▶ **The problem**
Filter the entries below down to the lines that hold "bool".

(Saved data entries)

(* Let $A\in\mathrm{SGL}_n(\mathbb{F}_2)$ and let $\mathbf{x}_1,\ldots,\mathbf{x}_r\in\mathbb{F}_2^n$ be linearly independent, $2\le r\le n$, such that $[\mathbf{x}_i^{\top}A^{-1}\mathbf{x}_j]_{i,j=1}^r$ has rank one and trace zero, and $\mathbf{x}_i^{\top}A^{-1}\mathbf{x}_j=0$ for some $i,j$. (i) For every even $k\in\{2,\ldots,r-1\}$ there exist linearly independent $\mathbf{y}_1,\ldots,\mathbf{y}_r\in\mathbb{F}_2^n$ and a permutation matrix $Q\in GL_r(\mathbb{F}_2)$ such that $\sum_{i=1}^r\mathbf{x}_i\mathbf{x}_i^{\top}=\sum_{i=1}^r\mathbf{y}_i\mathbf{y}_i^{\top}$, $\sum_{i=1}^r\mathbf{x}_i=\sum_{i=1}^r\mathbf{y}_i$, and $[\mathbf{y}_i^{\top}A^{-1}\mathbf{y}_j]_{i,j=1}^r=Q\begin{pmatrix}J_{k\times k}&O\\O&O\end{pmatrix}Q^{\top}$. (ii) If $\sum_{i=1}^r\mathbf{x}_i\mathbf{x}_i^{\top}=\sum_{i=1}^r\mathbf{y}_i\mathbf{y}_i^{\top}$ for some $\mathbf{y}_1,\ldots,\mathbf{y}_r\in\mathbb{F}_2^n$, then $[\mathbf{y}_i^{\top}A^{-1}\mathbf{y}_j]_{i,j=1}^r$ has rank one and trace zero, and $\mathbf{y}_{i'}^{\top}A^{-1}\mathbf{y}_{j'}=0$ for some $i',j'$.
   Context: $\mathrm{SGL}_n(\mathbb{F}_2)$ is the set of invertible symmetric $n\times n$ matrices over the binary field $\mathbb{F}_2$; $J_{k\times k}$ is the all-ones matrix. *)

theory Defs
  imports "HOL-Library.Z2" "Jordan_Normal_Form.DL_Rank" "HOL-Combinatorics.Permutations"
begin

text \<open>The binary field F_2 is the type bit. Vectors in F_2^n are
  bit vec in carrier_vec n, n x n matrices are bit mat in carrier_mat n n.\<close>

definition inv_of :: "nat \<Rightarrow> bit mat \<Rightarrow> bit mat" where
  "inv_of n A = (SOME B. B \<in> carrier_mat n n \<and> A * B = 1\<^sub>m n \<and> B * A = 1\<^sub>m n)"

definition SGL :: "nat \<Rightarrow> bit mat set" where
  "SGL n = {A. A \<in> carrier_mat n n \<and> transpose_mat A = A \<and> invertible_mat A}"

definition lin_indep_family :: "nat \<Rightarrow> nat \<Rightarrow> (nat \<Rightarrow> bit vec) \<Rightarrow> bool" where
  "lin_indep_family n r x \<longleftrightarrow> (\<forall>i<r. x i \<in> carrier_vec n) \<and> inj_on x {..<r} \<and>
     \<not> module.lin_dep (class_ring :: bit ring) (module_vec TYPE(bit) n) (x ` {..<r})"

definition gram :: "nat \<Rightarrow> bit mat \<Rightarrow> nat \<Rightarrow> (nat \<Rightarrow> bit vec) \<Rightarrow> bit mat" where
  "gram n A r x = mat r r (\<lambda>(i,j). x i \<bullet> (inv_of n A *\<^sub>v x j))"

definition outer_sum :: "nat \<Rightarrow> nat \<Rightarrow> (nat \<Rightarrow> bit vec) \<Rightarrow> bit mat" where
  "outer_sum n r x = mat n n (\<lambda>(a,b). \<Sum>i<r. x i $ a * x i $ b)"

definition vec_sum :: "nat \<Rightarrow> nat \<Rightarrow> (nat \<Rightarrow> bit vec) \<Rightarrow> bit vec" where
  "vec_sum n r x = vec n (\<lambda>a. \<Sum>i<r. x i $ a)"

definition mat_trace :: "'a::comm_ring_1 mat \<Rightarrow> 'a" where
  "mat_trace M = (\<Sum>i<dim_row M. M $$ (i,i))"

definition mat_rank :: "bit mat \<Rightarrow> nat" where
  "mat_rank M = vec_space.rank (dim_row M) M"

definition permutation_mat :: "nat \<Rightarrow> bit mat \<Rightarrow> bool" where
  "permutation_mat r Q \<longleftrightarrow> (\<exists>p. p permutes {..<r} \<and> Q = mat r r (\<lambda>(i,j). if i = p j then 1 else 0))"

definition J_block :: "nat \<Rightarrow> nat \<Rightarrow> bit mat" where
  "J_block r k = four_block_mat (mat k k (\<lambda>_. 1)) (0\<^sub>m k (r - k)) (0\<^sub>m (r - k) k) (0\<^sub>m (r - k) (r - k))"

end

theory Submission
  imports Defs
begin

text \<open>
  Let \<open>X\<close> be the \<open>n \<times> r\<close> matrix with columns \<open>x\<^sub>i\<close> and \<open>B = A\<^sup>-\<^sup>1\<close>, so that the Gram matrix
  is \<open>X\<^sup>T B X\<close>, \<open>\<Sum> x\<^sub>i x\<^sub>i\<^sup>T = X X\<^sup>T\<close> and \<open>\<Sum> x\<^sub>i = X \<one>\<close>. Over \<open>F\<^sub>2\<close> a symmetric matrix of
  rank one is \<open>v v\<^sup>T\<close>; the hypotheses say that \<open>v \<noteq> 0\<close> has even weight and \<open>v \<noteq> \<one>\<close>.

  If \<open>X X\<^sup>T = Y Y\<^sup>T\<close> and \<open>X\<close> has a left inverse, then \<open>Y = X P\<close> with \<open>P P\<^sup>T = 1\<close>, so the
  Gram matrix of \<open>Y\<close> is \<open>u u\<^sup>T\<close> with \<open>u = P\<^sup>T v\<close>. Orthogonal matrices preserve \<open>v \<bullet> v\<close>
  (the parity of the weight) and, over \<open>F\<^sub>2\<close>, fix \<open>\<one>\<close>; this gives (ii).

  For (i), the transvection \<open>I + w w\<^sup>T\<close>, \<open>w\<close> the indicator vector of a four-element set
  \<open>F\<close>, is orthogonal and maps \<open>v\<close> to \<open>v + w\<close> when \<open>F\<close> meets the support of \<open>v\<close> in an odd
  number of points. Taking three or one of these points in the support lowers or raises the
  weight by two, so some orthogonal \<open>R\<close> gives \<open>R v\<close> weight \<open>k\<close>. Then \<open>y = X R\<^sup>T\<close> has the same
  \<open>\<Sum> y\<^sub>i y\<^sub>i\<^sup>T\<close> and \<open>\<Sum> y\<^sub>i\<close> as \<open>x\<close> and Gram matrix \<open>(R v) (R v)\<^sup>T\<close>, which a permutation
  matrix conjugates to \<open>J\<^sub>k\<^sub>\<times>\<^sub>k \<oplus> O\<close>.
\<close>

text \<open>The library simp rules rewrite \<open>+\<close> and \<open>*\<close> on \<^typ>\<open>bit\<close> to XOR and AND; we keep ring
  arithmetic.\<close>

declare add_bit_eq_xor[simp del] mult_bit_eq_and[simp del]

lemma bit_mult_self [simp]: "(a::bit) * a = a"
  by (cases a) auto

lemma bit_add_self [simp]: "(a::bit) + a = 0"
  by (cases a) auto

lemma of_nat_bit: "(of_nat m :: bit) = (if even m then 0 else 1)"
  by (induction m) auto

definition supp_vec :: "'a::zero vec \<Rightarrow> nat set" where
  "supp_vec v = {i. i < dim_vec v \<and> v $ i \<noteq> 0}"

definition indicator_vec :: "nat \<Rightarrow> nat set \<Rightarrow> 'a::zero_neq_one vec" where
  "indicator_vec r F = vec r (\<lambda>i. if i \<in> F then 1 else 0)"

lemma indicator_vec_carrier [simp]: "indicator_vec r F \<in> carrier_vec r"
  by (simp add: indicator_vec_def)

lemma dim_indicator_vec [simp]: "dim_vec (indicator_vec r F) = r"
  by (simp add: indicator_vec_def)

▶ **Task solution**
definition lin_indep_family :: "nat \<Rightarrow> nat \<Rightarrow> (nat \<Rightarrow> bit vec) \<Rightarrow> bool" where
definition permutation_mat :: "nat \<Rightarrow> bit mat \<Rightarrow> bool" where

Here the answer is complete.